How do I get $\nu_{\rm max}$ and $\Delta\nu$ using an Autocorrelation Function (ACF)?¶

This is a quick guide a wrote for 3rd year Group Studies students at the University of Birmingham. It is based on the work presented in Huber et al 2009, pretty much. The Jupyter Notebook of this blog can be found on my GitHub.

I'll be doing this backwards sorta, by finding $\Delta\nu$ first and then $\nu_{\rm max}$ after. Its easier to explain that way.

Whats the most beautiful long cadence lightcurve for a quick look? Probably KIC11615890

In [1]:
import lightkurve as lk
import matplotlib.pyplot as plt
import astropy.units as u
import numpy as np
import matplotlib
plt.style.use(lk.MPLSTYLE)
matplotlib.rcParams['text.usetex'] = False

In [2]:
datalist = lk.search_lightcurvefile('KIC11615890')

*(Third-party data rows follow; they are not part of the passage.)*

lemma lp_feasible_shift_to_half:
  assumes graph: "simple_graph V E" and feas: "lp_feasible V E x" and half: "half_integral V x"
    and S: "S \<subseteq> level_set V x 1"
  defines "T \<equiv> \<Union>(zero_neighbours V E x ` S)"
  shows "lp_feasible V E (\<lambda>w. if w \<in> S \<union> T then 1/2 else x w)"
proof -
  define y where "y = (\<lambda>w. if w \<in> S \<union> T then 1/2 else x w)"
  have S1: "x w = 1" if "w \<in> S" for w
    using S that by (auto simp: level_set_def)
  have T0: "x w = 0" if "w \<in> T" for w
    using that by (auto simp: T_def zero_neighbours_def level_set_def)
  have y_ge_x: "x w \<le> y w" if "w \<notin> S" for w
    using that T0 by (auto simp: y_def)
  have y_half: "1/2 \<le> y v" if "{u, v} \<in> E" "u \<in> S" for u v
  proof (cases "v \<in> S \<union> T")
    case False
    have "v \<in> V" using simple_graph_edge_in_vertices[OF graph that(1)] by simp
    moreover have "x v \<noteq> 0"
      using False \<open>v \<in> V\<close> that by (auto simp: T_def zero_neighbours_def level_set_def)
    ultimately have "1/2 \<le> x v" using half by (auto simp: half_integral_def)
    then show ?thesis using False by (simp add: y_def)
  qed (simp add: y_def)
  have "1 \<le> y u + y v" if e: "{u, v} \<in> E" for u v
  proof -
    have e': "{v, u} \<in> E" using e by (simp add: insert_commute)
    consider "u \<in> S" | "v \<in> S" | "u \<notin> S" "v \<notin> S" by blast
    then show ?thesis
    proof cases
      case 1 then show ?thesis using y_half[OF e] by (simp add: y_def)
    next
      case 2 then show ?thesis using y_half[OF e'] by (simp add: y_def)
    next
      case 3
      have "1 \<le> x u + x v" using feas e unfolding lp_feasible_def by blast
      then show ?thesis using y_ge_x[OF 3(1)] y_ge_x[OF 3(2)] by linarith
    qed
  qed
  moreover have "0 \<le> y v \<and> y v \<le> 1" if "v \<in> V" for v
    using feas that unfolding lp_feasible_def y_def by auto
  ultimately have "lp_feasible V E y" unfolding lp_feasible_def by blast
  then show ?thesis by (simp only: y_def)
qed

lemma sum_shift_to_half:
  fixes x :: "'a \<Rightarrow> real"
  assumes "finite V" "S \<subseteq> V" "T \<subseteq> V" "\<forall>w\<in>S. x w = 1" "\<forall>w\<in>T. x w = 0"
  shows "sum (\<lambda>w. if w \<in> S \<union> T then 1/2 else x w) V = sum x V - card S / 2 + card T / 2"
proof -
  let ?y = "\<lambda>w. if w \<in> S \<union> T then 1/2 else x w" and ?R = "V - (S \<union> T)"
  have fin: "finite S" "finite T" using assms(1-3) finite_subset by blast+
  have disj: "S \<inter> T = {}" using assms(4,5) by fastforce
  have split: "sum f V = sum f ?R + (sum f S + sum f T)" for f :: "'a \<Rightarrow> real"
  proof -
    have "sum f V = sum f ?R + sum f (S \<union> T)"
      using assms(1-3) by (intro sum.subset_diff) auto
    also have "sum f (S \<union> T) = sum f S + sum f T"
      using fin disj by (rule sum.union_disjoint)
    finally show ?thesis .
  qed
  have "sum ?y ?R = sum x ?R" by (rule sum.cong) auto
  moreover have "sum ?y S = sum (\<lambda>_. 1/2) S" "sum ?y T = sum (\<lambda>_. 1/2) T"
    by (rule sum.cong; simp)+
  moreover have "sum x S = sum (\<lambda>_. 1) S" "sum x T = sum (\<lambda>_. 0) T"
    using assms(4,5) by (auto intro: sum.cong)
  ultimately show ?thesis using split[of ?y] split[of x] by simp
qed

lemma hall_condition_zero_neighbours:
  assumes graph: "simple_graph V E" and x_opt: "lp_optimal V E x" and half: "half_integral V x"
  shows "hall_condition (level_set V x 1) (zero_neighbours V E x)"
  unfolding hall_condition_def
proof (intro allI impI)
  fix S assume S: "S \<subseteq> level_set V x 1"
  let ?T = "\<Union>(zero_neighbours V E x ` S)"
  let ?y = "\<lambda>w. if w \<in> S \<union> ?T then 1/2 else x w"
  have feas: "lp_feasible V E x" using x_opt unfolding lp_optimal_def by blast
  have "sum x V \<le> sum ?y V"
    using x_opt lp_feasible_shift_to_half[OF graph feas half S] unfolding lp_optimal_def by blast
  also have "\<dots> = sum x V - card S / 2 + card ?T / 2"
    using graph S by (intro sum_shift_to_half)
      (auto simp: simple_graph_def zero_neighbours_def level_set_def)
  finally show "card S \<le> card ?T" by simp
qed

lemma finite_matchings: "finite E \<Longrightarrow> finite {M. is_matching E M}"
  by (rule finite_subset[of _ "Pow E"]) (auto simp: is_matching_def)

lemma card_le_MM: "finite E \<Longrightarrow> is_matching E M \<Longrightarrow> card M \<le> MM E"
  unfolding MM_def using finite_matchings by (intro Max_ge) auto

We'll use lightkurve to get a signal-to-noise spectrum. In order to avoid bogging down too much memory I'll just grab 5 quarters of data. Using all the available data will of course dramatically improve your inferences.

In [3]:
lc = data[0].PDCSAP_FLUX.normalize().flatten()
for nlc in data[0:5]:
lc = lc.append(nlc.PDCSAP_FLUX.normalize().flatten())
lc = lc.remove_nans()
lc.plot()
pg = lc.to_periodogram(freq_unit = u.microhertz)
pg.plot()
snr = pg.flatten()
snr.plot()

Out[3]:
<matplotlib.axes._subplots.AxesSubplot at 0x7f0b34112a58>
/home/oliver/.local/lib/python3.6/site-packages/matplotlib/font_manager.py:1241: UserWarning: findfont: Font family ['serif'] not found. Falling back to DejaVu Sans.
(prop.get_family(), self.defaultFamily[fontext]))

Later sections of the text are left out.